We can query the agent with the `stream` method and obserb how it generates the query and executes it in the dabase, retrieving the results.

In [7]:

messages = [
    SystemMessage(
        """
        - You are a useful assistant that help users navigate a catalog of clothing items.
        - You can retrieve clothing items from the catalog using a SQL query.
        - Answer in natural language and format your output using paragraph or bullet points if
          necessary.
        """
    ),
    HumanMessage("Can you show me the name and price of all coats?")
]

stream_generator = agentic_sql.stream({"messages": messages}, stream_mode="values")

for state in stream_generator:
    state["messages"][-1].pretty_print()
state["messages"][-1].pretty_print()


Can you show me the name and price of all coats?
Name: execute_query

[('Midnight Magic Coat', 89.99), ('Autumn Hues Sweater', 49.99), ('Winter Wonderland Jacket', 79.99), ('Cozy Cabin Cardigan', 59.99), ('Fall Foliage Vest', 49.99), ('Snowy Peaks Parka', 99.99)]

Here are the coats with their prices:

* Midnight Magic Coat - $89.99
* Autumn Hues Sweater - $49.99
* Winter Wonderland Jacket - $79.99
* Cozy Cabin Cardigan - $59.99
* Fall Foliage Vest - $49.99
* Snowy Peaks Parka - $99.99


It can also execute calculations leveraging `SQL` capabilities.

In [8]:

messages = [
    SystemMessage(
        """
        - You are a useful assistant that help users navigate a catalog of clothing items.
        - You can retrieve clothing items from the catalog using a SQL query.
        - Answer in natural language and format your output using paragraph or bullet points if
          necessary.
        """
    ),
    HumanMessage("What is the name and price in euros of the most expensive coat, given that 1 euro is currently 1.1 dollars?")
]

stream_generator = agentic_sql.stream({"messages": messages}, stream_mode="values")

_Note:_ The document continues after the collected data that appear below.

(* The graphs $G_k$, $k\ge 1$, have unbounded clique-width: for every integer $r$ there exists $k$ such that the clique-width of $G_k$ exceeds $r$. Consequently, the class of strict outerconfluent graphs has unbounded clique-width.
   Context: Clique-width of a graph is the minimum number of colors needed to construct it (up to forgetting colors) by the operations: create a single vertex with any color; take the disjoint union of two colored graphs; recolor all vertices of one color to another color; add all edges between vertices of color $a$ and vertices of color $b$ for two specified colors $a\ne b$. A strict outerconfluent drawing of a graph $G$ consists of finitely many smooth curves (tracks) in a topological disk, disjoint except at shared endpoints, which are vertices of $G$ (lying on the disk boundary) or junctions (where at least three tracks meet with the same tangent). An edge curve is a smooth curve in the union of tracks from a vertex to a vertex passing otherwise only through tracks and junctions. Each pair of adjacent vertices must be joined by exactly one edge curve, no edge curve joins a vertex to itself or two non-adjacent vertices, and every track lies on some edge curve. A strict outerconfluent graph is one with such a drawing. $G_k$ is defined by the following drawing in the closed upper half-plane. Vertices $v_1,\dots,v_{3^k}$ lie left to right on the boundary line, consecutive ones joined by a track along the line; odd-position vertices are blue, even-position ones yellow, and yellow vertices have no other tracks. Remaining tracks lie in levels $0,\dots,k-1$ (horizontal slabs, bottom to top). The bottom line of level $i$ carries points $p_{i,j}$, $0\le j<3^{k-i}/2$, left to right (the blue vertices for $i=0$, junctions for $i>0$), where tracks enter with vertical tangent. In level $i$, consecutive $p_{i,j},p_{i,j+1}$ are joined by a semicircle, subdivided by two junctions into three arcs when $j$ is a multiple of three (except that the single top-level semicircle joining $p_{k-1,0},p_{k-1,1}$ is not subdivided), a single track otherwise. For $i<k-1$ and each subdivided semicircle joining $p_{i,j},p_{i,j+1}$, tracks connect its two subdivision junctions to $p_{i+1,j/3}$, oriented so that each one connects $p_{i+1,j/3}$ downward by a smooth curve through the semicircle to $p_{i,j}$ and $p_{i,j+1}$. Two vertices are adjacent in $G_k$ iff some edge curve connects them. (This drawing is a strict outerconfluent drawing, so each $G_k$ is strict outerconfluent.) *)

theory Defs
  imports Main
begin

text \<open>A labelled graph on a vertex set V (subset of the ambient type 'a), with
an edge set E (set of ordered pairs, kept symmetric) and a colouring lab.
cw_constructible k V E lab holds iff (V,E,lab) is the value of an expression
using the four clique-width operations with colours from 0..k-1.
Disjoint union is realised by requiring the two vertex sets to be disjoint
subsets of the ambient type.\<close>

inductive cw_constructible :: "nat \<Rightarrow> 'a set \<Rightarrow> ('a \<times> 'a) set \<Rightarrow> ('a \<Rightarrow> nat) \<Rightarrow> bool"
  for k :: nat where
  single: "lab v < k \<Longrightarrow> cw_constructible k {v} {} lab"
| union: "cw_constructible k V1 E1 l1 \<Longrightarrow> cw_constructible k V2 E2 l2 \<Longrightarrow> V1 \<inter> V2 = {}
          \<Longrightarrow> cw_constructible k (V1 \<union> V2) (E1 \<union> E2) (\<lambda>v. if v \<in> V1 then l1 v else l2 v)"
| recolor: "cw_constructible k V E l \<Longrightarrow> a < k \<Longrightarrow> b < k
          \<Longrightarrow> cw_constructible k V E (\<lambda>v. if l v = a then b else l v)"
| join: "cw_constructible k V E l \<Longrightarrow> a < k \<Longrightarrow> b < k \<Longrightarrow> a \<noteq> b
          \<Longrightarrow> cw_constructible k V
                (E \<union> {(u, w). u \<in> V \<and> w \<in> V \<and> ((l u = a \<and> l w = b) \<or> (l u = b \<and> l w = a))}) l"

definition clique_width :: "'a set \<Rightarrow> ('a \<times> 'a) set \<Rightarrow> nat" where
  "clique_width V E = (LEAST k. \<exists>lab. cw_constructible k V E lab)"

for state in stream_generator:
    state["messages"][-1].pretty_print()
state["messages"][-1].pretty_print()


What is the name and price in euros of the most expensive coat, given that 1 euro is currently 1.1 dollars?
Name: execute_query

[('Snowy Peaks Parka', 109.989)]

The most expensive coat is the Snowy Peaks Parka and its price is 109.99 euros.